### [THE PROBLEM]
Each line from the one containing "(i,j) = (submatrix" to the end of the records below should be restated word for word; please leave out all other lines.

### [Source records]
lemma submatrix_minus:
  assumes "A \<in> carrier_mat p p" and "B \<in> carrier_mat p p" and "I \<subseteq> {..<p}"
  shows "submatrix (A - B) I I = submatrix A I I - submatrix B I I"
  using assms pick_less[OF assms(3)]
  by (intro eq_matI) (simp_all add: submatrix_def Collect_less_mem_eq)

lemma submatrix_smult:
  assumes "A \<in> carrier_mat p p" and "I \<subseteq> {..<p}"
  shows "submatrix (c \<cdot>\<^sub>m A) I I = c \<cdot>\<^sub>m submatrix A I I"
  using assms pick_less[OF assms(2)]
  by (intro eq_matI) (simp_all add: submatrix_def Collect_less_mem_eq)

lemma submatrix_one:
  assumes "I \<subseteq> {..<p}"
  shows "submatrix (1\<^sub>m p) I I = 1\<^sub>m (card I)"
  using assms pick_less[OF assms] finite_subset[OF assms]
  by (intro eq_matI) (simp_all add: submatrix_def Collect_less_mem_eq pick_eq_pick_iff)

lemma submatrix_mult:
  assumes A: "A \<in> carrier_mat p p" and C: "C \<in> carrier_mat p p" and I: "I \<subseteq> {..<p}"
    and no_leak: "\<And>i j k. i \<in> I \<Longrightarrow> j \<in> I \<Longrightarrow> k < p \<Longrightarrow> k \<notin> I \<Longrightarrow> A $$ (i,k) * C $$ (k,j) = 0"
  shows "submatrix (A * C) I I = submatrix A I I * submatrix C I I"
proof (rule eq_matI)
  have AI: "submatrix A I I \<in> carrier_mat (card I) (card I)" and CI: "submatrix C I I \<in> carrier_mat (card I) (card I)"
    using submatrix_carrier_mat A C I by blast+
  fix i j assume "i < dim_row (submatrix A I I * submatrix C I I)" "j < dim_col (submatrix A I I * submatrix C I I)"
  then have i: "i < card I" and j: "j < card I" using AI CI by auto
  have "submatrix (A * C) I I $$ (i,j) = (\<Sum>k<p. A $$ (pick I i, k) * C $$ (k, pick I j))"
    using A C I i j pick_less[OF I]
    by (simp add: index_submatrix_pick[of _ p] scalar_prod_def atLeast0LessThan)
  also have "\<dots> = (\<Sum>l<card I. A $$ (pick I i, pick I l) * C $$ (pick I l, pick I j))"
    using I i j pick_in_set by (intro sum_lessThan_eq_sum_pick no_leak) auto
  also have "\<dots> = (submatrix A I I * submatrix C I I) $$ (i,j)"
    using A C I i j AI CI by (simp add: index_submatrix_pick scalar_prod_def atLeast0LessThan)
  finally show "submatrix (A * C) I I $$ (i,j) = (submatrix A I I * submatrix C I I) $$ (i,j)" .
qed (use A C I in \<open>simp_all add: dim_submatrix Collect_less_mem_eq\<close>)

### [RESPONSE TO THE EXERCISE]
  finally show "submatrix (A * C) I I $$ (i,j) = (submatrix A I I * submatrix C I I) $$ (i,j)" .
qed (use A C I in \<open>simp_all add: dim_submatrix Collect_less_mem_eq\<close>)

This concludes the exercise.